# Basic Legal Issues in Photography



## ebc123 (May 29, 2010)

I have a pretty good idea about legal issues regarding photographing people (a real quagmire in itself) but I am confused about photographing landscapes, nature, etc.

My intention is to eventually use some of the photos for commercial gain.  At least I'd like to have the possibility of it.  

I figure about 95% of what I want to photograph in this regard I cannot do from a public road, etc.  I figure maybe 2% of that 95% I could reasonable get permission to shoot.  For instance, try approaching some property owner you don't know.  Most of them don't want to open the door, let alone give you permission to shoot.  Also half the time it's extremely difficult or for all practical purposes impossible to know who the owner is.  

If it's a public park or any public property, you can probably forget that too.  They almost all prohibit commercial gain photography.  Even if obtaining permission was a practical route (although I'm sure it's a lot like asking the property owner as described above,) this takes board and supervisor meetings, etc. before you'd get approval. Who has that kind of time and effort?

So am I to believe all these photographs published in books, sold as stock photography, etc are from photographer's obtaining permission for the property owners or park commissions?  This seems VERY difficult to believe.  Can anyone cue me in what goes on in this reagard?  Thank you for any information.


----------



## KmH (May 29, 2010)

ebc123 said:


> I have a pretty good idea about legal issues regarding photographing people (a real quagmire in itself) but I am confused about photographing landscapes, nature, etc.
> 
> My intention is to eventually use some of the photos for commercial gain.
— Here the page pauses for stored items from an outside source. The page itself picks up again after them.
(* Let $G$ be a finitely generated group in which every non-trivial element is a generalized torsion element. Then $G$ decomposes as a free product $G=A\ast B$ with $A$ and $B$ non-trivial if and only if $G$ is isomorphic to the infinite dihedral group $D_{\infty}=\mathbb{Z}_2\ast\mathbb{Z}_2$.
   Context: For $g,x$ in a group, $g^{x}:=xgx^{-1}$. A non-trivial element $g$ of a group $G$ is a generalized torsion element if there exist a positive integer $n$ and $x_1,\ldots,x_n\in G$ with $g^{x_1}g^{x_2}\cdots g^{x_n}=1$. $\mathbb{Z}_2$ denotes the cyclic group of order two. *)

theory Defs
  imports "HOL-Algebra.Algebra"
begin

definition conj_by :: "('g, 'b) monoid_scheme \<Rightarrow> 'g \<Rightarrow> 'g \<Rightarrow> 'g" where
  "conj_by G g x = x \<otimes>\<^bsub>G\<^esub> g \<otimes>\<^bsub>G\<^esub> inv\<^bsub>G\<^esub> x"

definition list_prod :: "('g, 'b) monoid_scheme \<Rightarrow> 'g list \<Rightarrow> 'g" where
  "list_prod G xs = foldr (\<lambda>a b. a \<otimes>\<^bsub>G\<^esub> b) xs \<one>\<^bsub>G\<^esub>"

definition gen_torsion :: "('g, 'b) monoid_scheme \<Rightarrow> 'g \<Rightarrow> bool" where
  "gen_torsion G g \<longleftrightarrow> g \<in> carrier G \<and> g \<noteq> \<one>\<^bsub>G\<^esub> \<and>
     (\<exists>xs. xs \<noteq> [] \<and> set xs \<subseteq> carrier G \<and>
            list_prod G (map (conj_by G g) xs) = \<one>\<^bsub>G\<^esub>)"

definition fin_gen :: "('g, 'b) monoid_scheme \<Rightarrow> bool" where
  "fin_gen G \<longleftrightarrow> (\<exists>S. finite S \<and> S \<subseteq> carrier G \<and> generate G S = carrier G)"

text \<open>Internal free product: G = A * B for subgroups A, B, i.e. A and B generate G and
  no non-empty reduced alternating word (letters tagged True from A - {1}, False from
  B - {1}, adjacent tags distinct) evaluates to 1.\<close>
definition free_product_decomp :: "('g, 'b) monoid_scheme \<Rightarrow> 'g set \<Rightarrow> 'g set \<Rightarrow> bool" where
  "free_product_decomp G A B \<longleftrightarrow>
     subgroup A G \<and> subgroup B G \<and> generate G (A \<union> B) = carrier G \<and>
     (\<forall>w :: (bool \<times> 'g) list.
        w \<noteq> [] \<and>
        (\<forall>p \<in> set w. snd p \<noteq> \<one>\<^bsub>G\<^esub> \<and> snd p \<in> (if fst p then A else B)) \<and>
        (\<forall>i. Suc i < length w \<longrightarrow> fst (w ! i) \<noteq> fst (w ! Suc i))
        \<longrightarrow> list_prod G (map snd w) \<noteq> \<one>\<^bsub>G\<^esub>)"

text \<open>The infinite dihedral group, realised as the isometry group of Z:
  (s, a) stands for x \<mapsto> (-1)^s x + a, with composition as multiplication.\<close>
definition inf_dihedral :: "(bool \<times> int) monoid" where
  "inf_dihedral = \<lparr> carrier = UNIV,
     monoid.mult = (\<lambda>(s, a) (t, b). (s \<noteq> t, a + (if s then - b else b))),
     one = (False, 0) \<rparr>"

end

theory Submission
  imports Defs
begin

(* Suppose G = A * B with both factors nontrivial and A not of order two.  Then A contains
   an element a with a * a <> 1 or two distinct involutions a1, a2.  In either case there are
   x1, x2, x3 in A - {1} and y in B - {1} such that the word w = x1 y x2 occurs at least k
   times in the normal form of g = (x1 y x2 y x3 y)^k but never in that of g^-1 (take
   x1 = x2 = x3 = a, resp. x1 = a1, x2 = a2, x3 = a1 a2).  Brooks' counting function for w is
   a quasimorphism of G, and a quasimorphism with defect D is at most 7 D on generalized
   torsion elements, because on a product of n conjugates of g it is at least
   n (phi g - 5 D) - D.  So g is not a generalized torsion element once k > 7 D.  Hence both
   factors have order two, and G = Z2 * Z2 is isomorphic to D_infinity, which is itself the
   free product of the two groups generated by the reflections x |-> -x and x |-> 1 - x. *)

lemma list_prod_Nil [simp]: "list_prod G [] = \<one>\<^bsub>G\<^esub>"
  by (simp add: list_prod_def)

lemma list_prod_Cons [simp]: "list_prod G (x # xs) = x \<otimes>\<^bsub>G\<^esub> list_prod G xs"
  by (simp add: list_prod_def)

lemma (in monoid) list_prod_closed [intro, simp]:
  "set xs \<subseteq> carrier G \<Longrightarrow> list_prod G xs \<in> carrier G"
  by (induction xs) auto

lemma (in monoid) list_prod_append:
  "set xs \<subseteq> carrier G \<Longrightarrow> set ys \<subseteq> carrier G \<Longrightarrow>
   list_prod G (xs @ ys) = list_prod G xs \<otimes> list_prod G ys"
  by (induction xs) (auto simp: m_assoc)

lemma (in group) list_prod_in_generate:
  "set xs \<subseteq> generate G S \<Longrightarrow> list_prod G xs \<in> generate G S"
  by (induction xs) (auto intro: generate.one generate.eng)

lemma (in group_hom) hom_list_prod:
  "set xs \<subseteq> carrier G \<Longrightarrow> h (list_prod G xs) = list_prod H (map h xs)"
  by (induction xs) auto

section \<open>Quasimorphisms and generalized torsion\<close>

definition quasimorphism :: "('g, 'b) monoid_scheme \<Rightarrow> int \<Rightarrow> ('g \<Rightarrow> int) \<Rightarrow> bool" where
  "quasimorphism G D \<phi> \<longleftrightarrow>
     (\<forall>x \<in> carrier G. \<forall>y \<in> carrier G. \<bar>\<phi> (x \<otimes>\<^bsub>G\<^esub> y) - \<phi> x - \<phi> y\<bar> \<le> D)"

lemma quasimorphismD:
  assumes "quasimorphism G D \<phi>" "x \<in> carrier G" "y \<in> carrier G"
  shows "\<phi> x + \<phi> y - D \<le> \<phi> (x \<otimes>\<^bsub>G\<^esub> y)" "\<phi> (x \<otimes>\<^bsub>G\<^esub> y) \<le> \<phi> x + \<phi> y + D"
proof -
  have "\<bar>\<phi> (x \<otimes>\<^bsub>G\<^esub> y) - \<phi> x - \<phi> y\<bar> \<le> D"
    using assms unfolding quasimorphism_def by blast
  then show "\<phi> x + \<phi> y - D \<le> \<phi> (x \<otimes>\<^bsub>G\<^esub> y)" "\<phi> (x \<otimes>\<^bsub>G\<^esub> y) \<le> \<phi> x + \<phi> y + D"
    by linarith+
qed
(* Let $\lambda\ge\omega_3$ be a cardinal and let $F:[\lambda]^2\to\omega_1$ be an $\omega_1$-strongly unbounded function on $\lambda$. Then the forcing poset $\mathcal P=\langle P,\le\rangle$ defined in the context (using this $F$) satisfies the countable chain condition.
   Context: A function $F:[\lambda]^2\to\omega_1$ is $\omega_1$-strongly unbounded on $\lambda$ if for every ordinal $\delta<\omega_1$, every finite cardinal $\nu<\omega$ and every family $A\subseteq[\lambda]^\nu$ of pairwise disjoint sets with $|A|=\omega_1$, there are distinct $a,b\in A$ such that $F\{\alpha,\beta\}>\delta$ for all $\alpha\in a$, $\beta\in b$. For $s=\langle\alpha,\zeta\rangle$ write $\pi(s)=\alpha$, $\rho(s)=\zeta$. Let $T=(\omega_1\times\omega)\cup(\{\omega_1,\omega_1+1\}\times\lambda)$, with $T_\alpha=\{\alpha\}\times\omega$ for $\alpha<\omega_1$, $T_{\omega_1}=\{\omega_1\}\times\lambda$, $T_{\omega_1+1}=\{\omega_1+1\}\times\lambda$, and $t_\xi=\langle\omega_1+1,\xi\rangle$ for $\xi<\lambda$. Let $\mathbb B=\{S\}\cup\lambda$ (where $S$ is a new symbol), $\mathbb B_S=\omega_1\times\omega$ and $\mathbb B_\zeta=\{\omega_1\}\times[\omega\cdot\zeta,\omega\cdot\zeta+\omega)\cup\{t_\zeta\}$ for $\zeta<\lambda$; these partition $T$, and $\pi_B:T\to\mathbb B$ is defined by $x\in\mathbb B_{\pi_B(x)}$. $P$ consists of all triples $p=\langle X,\preceq,i\rangle$ such that: (P1) $X\in[T]^{<\omega}$; (P2) $\preceq$ is a partial order on $X$ such that $x\prec y$ implies $\pi(x)<\pi(y)$; (P3) if $X\cap\mathbb B_\zeta\ne\emptyset$ for some $\zeta<\lambda$, then $t_\zeta\in X$; (P4) if $x\in X\cap T_{\omega_1}\cap\mathbb B_\zeta$ for $\zeta<\lambda$, then $x\prec t_\zeta$ and $x\not\prec t_\xi$ for all $\xi\ne\zeta$ (with $t_\xi\in X$); (P5) if $s\neq t$ lie in the same $\mathbb B_b$ ($b\in\mathbb B$) with $\pi(s)=\pi(t)$, then $i\{s,t\}=\emptyset$; (P6) if $t\in X\cap T_{\alpha+1}$ for some $\alpha\le\omega_1$ and $s\prec t$, then there is $v\in X\cap T_\alpha$ with $s\preceq v\prec t$; (P7) $i:[X]^2\to[X]^{<\omega}$ satisfies $i\{x,y\}=\{x\}$ whenever $x\prec y$, and whenever $x,y\in X$ are $\preceq$-incomparable: (a) for all $u\in X$, ($u\preceq x$ and $u\preceq y$) iff $u\preceq v$ for some $v\in i\{x,y\}$; (b) if $x,y\in T_{\omega_1}\cup T_{\omega_1+1}$ and $\pi_B(x)\ne\pi_B(y)$, then $\pi[i\{x,y\}]\subseteq F\{\pi_B(x),\pi_B(y)\}$ (the ordinal $F\{\cdot,\cdot\}<\omega_1$ viewed as the set of smaller ordinals). Order: $\langle X',\preceq',i'\rangle\le\langle X,\preceq,i\rangle$ iff $X\subseteq X'$, $\preceq=\preceq'\cap(X\times X)$, and $i\subseteq i'$. *)

theory Defs
  imports Main "HOL-Library.Countable_Set"
begin

text \<open>The ordinal omega_1 is modelled by a well-ordered type 'c of order type omega_1
  (uncountable, every proper initial segment countable); the cardinal lambda by a type 'l.\<close>

definition is_omega1_type :: "('c::wellorder) itself \<Rightarrow> bool" where
  "is_omega1_type _ \<longleftrightarrow> uncountable (UNIV :: 'c set) \<and> (\<forall>x::'c. countable {y. y < x})"

definition strongly_unbounded :: "('l set \<Rightarrow> 'c::wellorder) \<Rightarrow> bool" where
  "strongly_unbounded F \<longleftrightarrow>
     (\<forall>(\<delta>::'c) (\<nu>::nat) (A::'l set set).
        A \<subseteq> {a. finite a \<and> card a = \<nu>} \<and>
        (\<forall>a\<in>A. \<forall>b\<in>A. a \<noteq> b \<longrightarrow> a \<inter> b = {}) \<and>
        ordIso2 (card_of A) (card_of (UNIV :: 'c set))
        \<longrightarrow> (\<exists>a\<in>A. \<exists>b\<in>A. a \<noteq> b \<and> (\<forall>\<alpha>\<in>a. \<forall>\<beta>\<in>b. \<delta> < F {\<alpha>, \<beta>})))"

text \<open>Levels = ordinals <= omega_1 + 1: countable ordinals, omega_1, omega_1+1.\<close>
datatype 'c lev = Ctbl 'c | W1 | W1s

fun lev_less :: "'c::wellorder lev \<Rightarrow> 'c lev \<Rightarrow> bool" where
  "lev_less (Ctbl a) (Ctbl b) = (a < b)"
| "lev_less (Ctbl a) W1 = True"
| "lev_less (Ctbl a) W1s = True"
| "lev_less W1 W1s = True"
| "lev_less _ _ = False"

definition lev_succ :: "'c::wellorder lev \<Rightarrow> 'c lev \<Rightarrow> bool" where
  "lev_succ a b \<longleftrightarrow> lev_less a b \<and> \<not> (\<exists>c. lev_less a c \<and> lev_less c b)"

text \<open>Elements of T.  Lo a n = <a,n> in T_a (a<omega_1);
  Md z n = <omega_1, omega*z+n> in T_omega1 (z<lambda, n<omega; every xi<lambda is uniquely omega*z+n);
  Tp xi = t_xi = <omega_1+1, xi>.\<close>
datatype ('c,'l) node = Lo 'c nat | Md 'l nat | Tp 'l

fun lvl :: "('c,'l) node \<Rightarrow> 'c lev" where
  "lvl (Lo a n) = Ctbl a"
| "lvl (Md z n) = W1"
| "lvl (Tp x) = W1s"

datatype 'l blk = BS | Bk 'l

fun blk_of :: "('c,'l) node \<Rightarrow> 'l blk" where
  "blk_of (Lo a n) = BS"
| "blk_of (Md z n) = Bk z"
| "blk_of (Tp x) = Bk x"

type_synonym ('c,'l) cond = "('c,'l) node set \<times> ('c,'l) node rel \<times> (('c,'l) node set \<Rightarrow> ('c,'l) node set)"

definition strict :: "'a rel \<Rightarrow> 'a \<Rightarrow> 'a \<Rightarrow> bool" where
  "strict le x y \<longleftrightarrow> (x, y) \<in> le \<and> x \<noteq> y"

text \<open>The conditions; i is a function on [X]^2, normalised to {} outside [X]^2.\<close>
definition Pcond :: "('l set \<Rightarrow> 'c::wellorder) \<Rightarrow> ('c,'l) cond \<Rightarrow> bool" where
  "Pcond F p \<longleftrightarrow> (case p of (X, le, i) \<Rightarrow>
     \<comment> \<open>P1\<close>
     finite X \<and>
     \<comment> \<open>P2\<close>
     le \<subseteq> X \<times> X \<and> partial_order_on X le \<and>
     (\<forall>x y. strict le x y \<longrightarrow> lev_less (lvl x) (lvl y)) \<and>
     \<comment> \<open>P3\<close>
     (\<forall>z. (\<exists>x\<in>X. blk_of x = Bk z) \<longrightarrow> Tp z \<in> X) \<and>
     \<comment> \<open>P4\<close>
     (\<forall>z n. Md z n \<in> X \<longrightarrow> strict le (Md z n) (Tp z) \<and>
          (\<forall>\<xi>. \<xi> \<noteq> z \<and> Tp \<xi> \<in> X \<longrightarrow> \<not> strict le (Md z n) (Tp \<xi>))) \<and>
     \<comment> \<open>P5\<close>
     (\<forall>s\<in>X. \<forall>t\<in>X. s \<noteq> t \<and> blk_of s = blk_of t \<and> lvl s = lvl t \<longrightarrow> i {s, t} = {}) \<and>
     \<comment> \<open>P6\<close>
     (\<forall>t\<in>X. \<forall>a s. lev_succ a (lvl t) \<and> strict le s t \<longrightarrow>
          (\<exists>v\<in>X. lvl v = a \<and> (s, v) \<in> le \<and> strict le v t)) \<and>
     \<comment> \<open>P7: i maps [X]^2 into [X]^{<omega}\<close>
     (\<forall>e. (\<exists>x\<in>X. \<exists>y\<in>X. x \<noteq> y \<and> e = {x, y}) \<longrightarrow> i e \<subseteq> X \<and> finite (i e)) \<and>
     (\<forall>e. \<not> (\<exists>x\<in>X. \<exists>y\<in>X. x \<noteq> y \<and> e = {x, y}) \<longrightarrow> i e = {}) \<and>
     (\<forall>x y. strict le x y \<longrightarrow> i {x, y} = {x}) \<and>
     (\<forall>x\<in>X. \<forall>y\<in>X. (x, y) \<notin> le \<and> (y, x) \<notin> le \<longrightarrow>
        (\<forall>u\<in>X. ((u, x) \<in> le \<and> (u, y) \<in> le) \<longleftrightarrow> (\<exists>v\<in>i {x, y}. (u, v) \<in> le)) \<and>
        (\<forall>z z'. blk_of x = Bk z \<and> blk_of y = Bk z' \<and>
            lvl x \<in> {W1, W1s} \<and> lvl y \<in> {W1, W1s} \<and> z \<noteq> z' \<longrightarrow>
            (\<forall>v\<in>i {x, y}. \<exists>\<gamma>. lvl v = Ctbl \<gamma> \<and> \<gamma> < F {z, z'}))))"

definition Pset :: "('l set \<Rightarrow> 'c::wellorder) \<Rightarrow> ('c,'l) cond set" where
  "Pset F = {p. Pcond F p}"

definition Pleq :: "('c,'l) cond \<Rightarrow> ('c,'l) cond \<Rightarrow> bool" where
  "Pleq q p \<longleftrightarrow> (case q of (X', le', i') \<Rightarrow> case p of (X, le, i) \<Rightarrow>
      X \<subseteq> X' \<and> le = le' \<inter> (X \<times> X) \<and>
      (\<forall>x\<in>X. \<forall>y\<in>X. x \<noteq> y \<longrightarrow> i' {x, y} = i {x, y}))"

definition compatible :: "('l set \<Rightarrow> 'c::wellorder) \<Rightarrow> ('c,'l) cond \<Rightarrow> ('c,'l) cond \<Rightarrow> bool" where
  "compatible F p q \<longleftrightarrow> (\<exists>r\<in>Pset F. Pleq r p \<and> Pleq r q)"

definition ccc :: "('l set \<Rightarrow> 'c::wellorder) \<Rightarrow> bool" where
  "ccc F \<longleftrightarrow> (\<forall>A \<subseteq> Pset F. (\<forall>p\<in>A. \<forall>q\<in>A. p \<noteq> q \<longrightarrow> \<not> compatible F p q) \<longrightarrow> countable A)"

end

theory Submission
  imports Defs
begin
At least I'd like to have the possibility of it.
> 
> ...


Being this is an International forum adding your approximate location to your profile would be helpful.

I will proceed under the assumption you are somewhere here in the USA. I am not an attorney, but do study legal issues relating to photography.

1. Commercial gain has little or nothing to do with it, but is a very common urban legend perpetuated here on the Internet.

2. You can make images of just about anything from public lands and sell those images to anyone that will buy them. No other paperwork or permissions are required. However, some of those buyers may want to use the images for promoting their business. If the image(s) they have bought from you contain people, or trademarks of any kind they may want a property or a model release for their legal protection.

The real key that triggers the need for a release of any kind is how the image will be used.

Stock photography houses have their requirements listed on their web sites. Here is a link to an example discussing requirements for model releases: Articles - iStockphoto Photography Standards: Model Releases | iStockphoto.com

I strongly suggest you undertake a more organized approach to becoming acquainted with the base legal issues. 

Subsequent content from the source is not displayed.